Define endpoints for agent interactions
Create a Strands Agents SDK agent with the specified system prompt and tools
Process incoming requests through the agent
Return the response back to the client

Here's an example of a weather forecasting agent application (app.py):

app = FastAPI(title="Weather API")

# Define a weather-focused system prompt
WEATHER_SYSTEM_PROMPT = """You are a weather assistant with HTTP capabilities.
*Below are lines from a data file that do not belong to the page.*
lemma hat_aut: "t \<in> SL2Z \<Longrightarrow> (hat t :: 'a::field_char_0 mat2 \<Rightarrow> 'a mat2) \<in> Aut_sl2"
proof -
  assume t: "t \<in> SL2Z"
  have "bij_betw (hat t) sl2 (sl2::'a mat2 set)"
    by (rule bij_betw_byWitness[where f'="hat (adj2 t)"])
       (use t hat_adj2[OF t] in \<open>auto intro: hat_sl2 SL2Z_adj2\<close>)
  moreover have "hat t \<in> extensional sl2"
    by (simp add: hat_def)
  ultimately show ?thesis
    unfolding Aut_sl2_def using t
    by (simp add: hat_eq sl2_lincomb sl2_bracket cj_lincomb cj_bracket SL2Z_det)
qed

lemma hat_mult:
  assumes "t1 \<in> SL2Z" "t2 \<in> SL2Z"
  shows "(hat (t1 ** t2) :: 'a::field_char_0 mat2 \<Rightarrow> 'a mat2) = restrict (hat t1 \<circ> hat t2) sl2"
proof
  fix u :: "'a mat2"
  show "hat (t1 ** t2) u = restrict (hat t1 \<circ> hat t2) sl2 u"
  proof (cases "u \<in> sl2")
    case True
    then show ?thesis
      using assms SL2Z_mult[OF assms] by (simp add: hat_eq hat_sl2 cj_cj of_int_mat_mult cj_sl2 SL2Z_det)
  qed (simp add: hat_def)
qed

definition E12 :: "'a::field mat2" where "E12 = mk 0 1 0 0"
definition E21 :: "'a::field mat2" where "E21 = mk 0 0 1 0"

text \<open>The kernel: fixing E12 and E21 forces theta to be diagonal, hence \<open>\<plusminus>I\<close>.\<close>

lemma hat_kernel:
  "{t\<in>SL2Z. (hat t :: 'a::field_char_0 mat2 \<Rightarrow> 'a mat2) = restrict id sl2} = {mat 1, - mat 1}"
proof (intro equalityI subsetI)
  fix t assume "t \<in> {t\<in>SL2Z. (hat t :: 'a mat2 \<Rightarrow> 'a mat2) = restrict id sl2}"
  then have t: "t \<in> SL2Z" and h: "(hat t :: 'a mat2 \<Rightarrow> 'a mat2) = restrict id sl2" by auto
  have "E12 \<in> (sl2 :: 'a mat2 set)" "E21 \<in> (sl2 :: 'a mat2 set)"
    by (simp_all add: sl2_iff E12_def E21_def)
  then have "cj (of_int_mat t) E12 = (E12 :: 'a mat2)" "cj (of_int_mat t) E21 = (E21 :: 'a mat2)"
    using h t by (metis hat_eq id_apply restrict_apply)+
  then have off_diag: "t$2$1 = 0" "t$1$2 = 0"
    by (simp_all add: cj_def mat2_eq mult2 E12_def E21_def)
  then have "t$1$1 * t$2$2 = 1" using t by (simp add: SL2Z_def det_2)
  then have "(t$1$1 = 1 \<and> t$2$2 = 1) \<or> (t$1$1 = -1 \<and> t$2$2 = -1)" by (simp add: zmult_eq_1_iff)
  with off_diag show "t \<in> {mat 1, - mat 1}" by (auto simp: mat2_eq mat2_ent)
next
  fix t :: "int mat2" assume "t \<in> {mat 1, - mat 1}"
  then show "t \<in> {t\<in>SL2Z. (hat t :: 'a mat2 \<Rightarrow> 'a mat2) = restrict id sl2}"
    by (auto simp: SL2Z_def det_2 mat2_ent hat_eq cj_def mat2_eq mult2 intro!: ext)
       (auto simp: hat_def)
qed

lemma SL2Z_one: "mat 1 \<in> SL2Z"
  by (simp add: SL2Z_def det_I)

lemma hat_one: "(hat (mat 1) :: 'a::field_char_0 mat2 \<Rightarrow> 'a mat2) = restrict id sl2"
  using hat_kernel[where 'a='a] by blast

section \<open>The generators of G are images of integer matrices\<close>

lemma ad_funpow_zero: "(ad u ^^ k) (0::'a::field mat2) = 0"
  by (induct k) (simp_all add: ad_def lie_bracket_def)

text \<open>If (ad u)^3 vanishes, the exponential series stops after the quadratic term
  (the summation bound in \<open>exp_nil\<close> is the nilpotency index, which is at most 3).\<close>

lemma exp_ad_cubic:
  fixes u :: "'a::field_char_0 mat2"
  assumes nil3: "\<And>w. ad u (ad u (ad u w)) = 0" and v: "v \<in> sl2"
  shows "exp_ad u v = v + ad u v + smat (1/2) (ad u (ad u v))"
proof -
  define P where "P k = (\<forall>w\<in>sl2. (ad u ^^ k) w = 0)" for k
  define L where "L = (LEAST k. P k)"
  have P3: "P 3" using nil3 by (simp add: P_def numeral_3_eq_3)
  then have L3: "L \<le> 3" unfolding L_def by (rule Least_le)
  have PL: "P L" unfolding L_def using P3 by (rule LeastI)
  define series_term where "series_term n = smat (inverse (fact n)) ((ad u ^^ n) v)" for n
  have "exp_ad u v = sum series_term {..<L}"
    using v by (simp add: exp_ad_def exp_nil_def series_term_def L_def P_def)
  also have "\<dots> = sum series_term {..<3}"
  proof (rule sum.mono_neutral_left)
    show "\<forall>i\<in>{..<3} - {..<L}. series_term i = 0"
    proof
      fix i assume "i \<in> {..<3} - {..<L}"
      then have "(ad u ^^ i) v = (ad u ^^ (i - L)) ((ad u ^^ L) v)"
        by (metis funpow_add o_apply le_add_diff_inverse2 Diff_iff lessThan_iff not_less)
      also have "\<dots> = 0" using PL v by (simp add: P_def ad_funpow_zero)
      finally show "series_term i = 0" by (simp add: series_term_def smat_def vec_eq_iff)
    qed
  qed (use L3 in auto)
  also have "\<dots> = v + ad u v + smat (1/2) (ad u (ad u v))"
    by (simp add: series_term_def eval_nat_numeral mat2_eq)
  finally show ?thesis .
qed

lemma exp_ad_eq_hat:
  fixes u :: "'a::field_char_0 mat2"
  assumes T: "T \<in> SL2Z"
    and nil3: "\<And>w. ad u (ad u (ad u w)) = 0"
    and agree: "\<And>v. v \<in> sl2 \<Longrightarrow> v + ad u v + smat (1/2) (ad u (ad u v)) = cj (of_int_mat T) v"
  shows "exp_ad u = hat T"
proof
  fix v :: "'a mat2"
  show "exp_ad u v = hat T v"
  proof (cases "v \<in> sl2")
    case True
    then show ?thesis by (simp add: exp_ad_cubic[OF nil3] agree hat_eq T)
  qed (simp add: exp_ad_def hat_def)
qed

definition Mx :: "int mat2" where "Mx = mk 2 (-1) 1 0"
definition My :: "int mat2" where "My = mk 1 0 1 1"
definition Mz :: "int mat2" where "Mz = mk 1 (-1) 0 1"

lemma SL2Z_generators: "Mx \<in> SL2Z" "My \<in> SL2Z" "Mz \<in> SL2Z"
  by (simp_all add: SL2Z_def det_2 Mx_def My_def Mz_def)

lemma gens_eq_hat: "(gens :: ('a::field_char_0 mat2 \<Rightarrow> 'a mat2) set) = {hat Mx, hat My, hat Mz}"
proof -
  have "exp_ad xs = (hat Mx :: 'a mat2 \<Rightarrow> 'a mat2)"
    by (rule exp_ad_eq_hat[OF SL2Z_generators(1)])
       (simp_all add: sl2_iff cj_def mat2_eq ad_ent mult2 xs_def Mx_def algebra_simps)
  moreover have "exp_ad ys = (hat My :: 'a mat2 \<Rightarrow> 'a mat2)"
    by (rule exp_ad_eq_hat[OF SL2Z_generators(2)])
       (simp_all add: sl2_iff cj_def mat2_eq ad_ent mult2 ys_def My_def algebra_simps)
  moreover have "exp_ad zs = (hat Mz :: 'a mat2 \<Rightarrow> 'a mat2)"
    by (rule exp_ad_eq_hat[OF SL2Z_generators(3)])
       (simp_all add: sl2_iff cj_def mat2_eq ad_ent mult2 zs_def Mz_def algebra_simps)
  ultimately show ?thesis by (simp add: gens_def)
qed

section \<open>G is contained in the image\<close>

lemma inv_hat_comp:
  assumes S: "S \<in> SL2Z" and t: "t \<in> SL2Z"
  shows "restrict (inv_into sl2 (hat S) \<circ> hat t) sl2 = (hat (adj2 S ** t) :: 'a::field_char_0 mat2 \<Rightarrow> 'a mat2)"
proof
  fix u :: "'a mat2"
  show "restrict (inv_into sl2 (hat S) \<circ> hat t) sl2 u = hat (adj2 S ** t) u"
  proof (cases "u \<in> sl2")
    case True
    have inj: "inj_on (hat S) (sl2::'a mat2 set)"
      using hat_aut[OF S] unfolding Aut_sl2_def bij_betw_def by blast
    have comp: "hat (adj2 S ** t) u = hat (adj2 S) (hat t u)"
      using hat_mult[OF SL2Z_adj2[OF S] t, where 'a='a] True by simp
    have "hat S (hat (adj2 S ** t) u) = hat t u"
      using comp hat_adj2(2)[OF S hat_sl2[OF t True]] by simp
    then have "inv_into sl2 (hat S) (hat t u) = hat (adj2 S ** t) u"
      using inv_into_f_f[OF inj hat_sl2[OF SL2Z_mult[OF SL2Z_adj2[OF S] t] True]] by simp
    with True show ?thesis by simp
  qed (simp add: hat_def)
qed

lemma Ggrp_subset_image: "g \<in> Ggrp \<Longrightarrow> g \<in> (hat ` SL2Z :: ('a::field_char_0 mat2 \<Rightarrow> 'a mat2) set)"
proof (induction rule: Ggrp.induct)
  case Gid
  then show ?case using hat_one[where 'a='a] SL2Z_one by (metis image_eqI)
next
  case (Ggen g s)
  then obtain t S where ts: "t \<in> SL2Z" "g = hat t" "S \<in> SL2Z" "s = hat S"
    using SL2Z_generators by (auto simp: gens_eq_hat)
  then have "restrict (s \<circ> g) sl2 = hat (S ** t)"
    using hat_mult[of S t, where 'a='a] by simp
  with ts show ?case by (metis image_eqI SL2Z_mult)
next
  case (Ginv g s)
  then obtain t S where ts: "t \<in> SL2Z" "g = hat t" "S \<in> SL2Z" "s = hat S"
    using SL2Z_generators by (auto simp: gens_eq_hat)
  then have "restrict (inv_into sl2 s \<circ> g) sl2 = hat (adj2 S ** t)"
    using inv_hat_comp[of S t, where 'a='a] by simp
  with ts show ?case by (metis image_eqI SL2Z_mult SL2Z_adj2)
qed

section \<open>SL_2(Z) is generated by My and Mz, so the image is contained in G\<close>

definition gen_mats :: "int mat2 set" where
  "gen_mats = {Mz, adj2 Mz, My, adj2 My}"

inductive_set words :: "int mat2 set" where
  word_one: "mat 1 \<in> words"
| word_step: "A \<in> words \<Longrightarrow> g \<in> gen_mats \<Longrightarrow> g ** A \<in> words"

lemma words_mult: "A \<in> words \<Longrightarrow> B \<in> words \<Longrightarrow> A ** B \<in> words"
  by (induction rule: words.induct) (auto simp: matrix_mul_assoc[symmetric] intro: words.intros)

lemma gen_mat_words: "Mz \<in> words" "adj2 Mz \<in> words" "My \<in> words" "adj2 My \<in> words"
  using word_step[OF word_one] by (simp_all add: gen_mats_def)

definition shear :: "int \<Rightarrow> int mat2" where "shear k = mk 1 k 0 1"
definition rot :: "int mat2" where "rot = mk 0 (-1) 1 0"
definition rot_inv :: "int mat2" where "rot_inv = mk 0 1 (-1) 0"

lemma rot_words: "rot \<in> words" "rot_inv \<in> words"
proof -
  have "rot = Mz ** (My ** Mz)" by (simp add: mat2_eq mult2 rot_def Mz_def My_def)
  then show "rot \<in> words" by (metis words_mult gen_mat_words)
  have "rot_inv = adj2 Mz ** (adj2 My ** adj2 Mz)"
    by (simp add: mat2_eq mult2 rot_inv_def Mz_def My_def)
  then show "rot_inv \<in> words" by (metis words_mult gen_mat_words)
qed

lemma shear_words: "shear k \<in> words"
proof (induct k rule: int_induct[where k=0])
  case base
  have "shear 0 = mat 1" by (simp add: shear_def mat2_eq mat2_ent)
  then show ?case by (simp add: word_one)
next
  case (step1 i)
  have "shear (i + 1) = adj2 Mz ** shear i" by (simp add: shear_def Mz_def mat2_eq mult2)
  then show ?case using word_step[OF step1(2), of "adj2 Mz"] by (simp add: gen_mats_def)
next
  case (step2 i)
  have "shear (i - 1) = Mz ** shear i" by (simp add: shear_def Mz_def mat2_eq mult2)
  then show ?case using word_step[OF step2(2), of Mz] by (simp add: gen_mats_def)
qed

text \<open>Euclidean algorithm: left multiplication by rot and a shear makes the lower-left
  entry the remainder of the upper-left entry modulo the lower-left one, so induction on
  its absolute value applies; once it vanishes, t is a shear or minus a shear.\<close>

lemma SL2Z_words: "det (t::int mat2) = 1 \<Longrightarrow> t \<in> words"
proof (induction "nat \<bar>t$2$1\<bar>" arbitrary: t rule: less_induct)
  case less
  show ?case
  proof (cases "t$2$1 = 0")
    case True
    then have "t$1$1 * t$2$2 = 1" using less.prems by (simp add: det_2)
    then have "(t$1$1 = 1 \<and> t$2$2 = 1) \<or> (t$1$1 = -1 \<and> t$2$2 = -1)" by (simp add: zmult_eq_1_iff)
    then show ?thesis
    proof
      assume "t$1$1 = 1 \<and> t$2$2 = 1"
      then have "t = shear (t$1$2)" using True by (simp add: mat2_eq shear_def)
      then show ?thesis using shear_words by metis
    next
      assume "t$1$1 = -1 \<and> t$2$2 = -1"
      then have "t = rot ** (rot ** shear (- t$1$2))"
        using True by (simp add: mat2_eq shear_def rot_def mult2)
      then show ?thesis using shear_words rot_words words_mult by metis
    qed
  next
    case False
    define q where "q = t$1$1 div t$2$1"
    define t' where "t' = rot ** (shear (-q) ** t)"
    have "t'$2$1 = t$1$1 mod t$2$1"
      using div_mult_mod_eq[of "t$1$1" "t$2$1"]
      by (simp add: t'_def mult2 rot_def shear_def q_def algebra_simps)
    then have "nat \<bar>t'$2$1\<bar> < nat \<bar>t$2$1\<bar>" using abs_mod_less[OF False] False by simp
    moreover have "det t' = 1"
    proof -
      have "det rot = 1" "det (shear (-q)) = 1" by (simp_all add: det_2 rot_def shear_def)
      then show ?thesis using less.prems by (simp add: t'_def det_mul)
    qed
    ultimately have "t' \<in> words" using less.hyps by blast
    moreover have "t = shear q ** (rot_inv ** t')"
      by (simp add: t'_def mat2_eq mult2 rot_def rot_inv_def shear_def algebra_simps)
    ultimately show ?thesis using shear_words rot_words words_mult by metis
  qed
qed

lemma words_in_Ggrp:
  "A \<in> words \<Longrightarrow> A \<in> SL2Z \<and> (hat A :: 'a::field_char_0 mat2 \<Rightarrow> 'a mat2) \<in> Ggrp"
proof (induction rule: words.induct)
  case word_one
  then show ?case by (simp only: hat_one SL2Z_one Ggrp.Gid simp_thms)
next
  case (word_step A g)
  then have A: "A \<in> SL2Z" and GA: "(hat A :: 'a mat2 \<Rightarrow> 'a mat2) \<in> Ggrp" by auto
  have gens: "hat Mz \<in> (gens :: ('a mat2 \<Rightarrow> 'a mat2) set)" "hat My \<in> (gens :: ('a mat2 \<Rightarrow> 'a mat2) set)"
    by (simp_all add: gens_eq_hat)
  have "(hat (g ** A) :: 'a mat2 \<Rightarrow> 'a mat2) \<in> Ggrp"
    using word_step.hyps(2) unfolding gen_mats_def
  proof (elim insertE)
    assume "g = Mz" then show ?thesis
      using Ggrp.Ggen[OF GA gens(1)] hat_mult[OF SL2Z_generators(3) A, where 'a='a] by simp
  next
    assume "g = My" then show ?thesis
      using Ggrp.Ggen[OF GA gens(2)] hat_mult[OF SL2Z_generators(2) A, where 'a='a] by simp
  next
    assume "g = adj2 Mz" then show ?thesis
      using Ggrp.Ginv[OF GA gens(1)] inv_hat_comp[OF SL2Z_generators(3) A, where 'a='a] by simp
  next
    assume "g = adj2 My" then show ?thesis
      using Ggrp.Ginv[OF GA gens(2)] inv_hat_comp[OF SL2Z_generators(2) A, where 'a='a] by simp
  qed simp
  moreover have "g ** A \<in> SL2Z"
    using word_step.hyps(2) A SL2Z_generators SL2Z_adj2 SL2Z_mult
    unfolding gen_mats_def by blast
  ultimately show ?case by simp
qed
You can:

1. Make HTTP requests to the National Weather Service API
2. Process and display weather forecast data
3. Provide weather information for locations in the United States

When retrieving weather information:
1. First get the coordinates or grid information using https://api.weather.gov/points/{latitude},{longitude} or https://api.weather.gov/points/{zipcode}
2. Then use the returned forecast URL to get the actual forecast

When displaying responses:
- Format weather data in a human-readable way
- Highlight important information like temperature, precipitation, and alerts
- Handle errors appropriately
- Don't ask follow-up questions

Always explain the weather conditions clearly and provide context for the forecast.

At the point where tools are done being invoked and a summary can be presented to the user, invoke the ready_to_summarize
tool and then continue with the summary.
"""

class PromptRequest(BaseModel):
    prompt: str

@app.post('/weather')
async def get_weather(request: PromptRequest):
    """Endpoint to get weather information."""
    prompt = request.prompt

    if not prompt:
        raise HTTPException(status_code=400, detail="No prompt provided")

    try:
        weather_agent = Agent(
            system_prompt=WEATHER_SYSTEM_PROMPT,
            tools=[http_request],
        )
        response = weather_agent(prompt)
        content = str(response)
        return PlainTextResponse(content=content)
    except Exception as e:
        raise HTTPException(status_code=500, detail=str(e))

Streaming responses¶

Streaming responses can significantly improve the user experience by providing real-time responses back to the customer. This is especially valuable for longer responses.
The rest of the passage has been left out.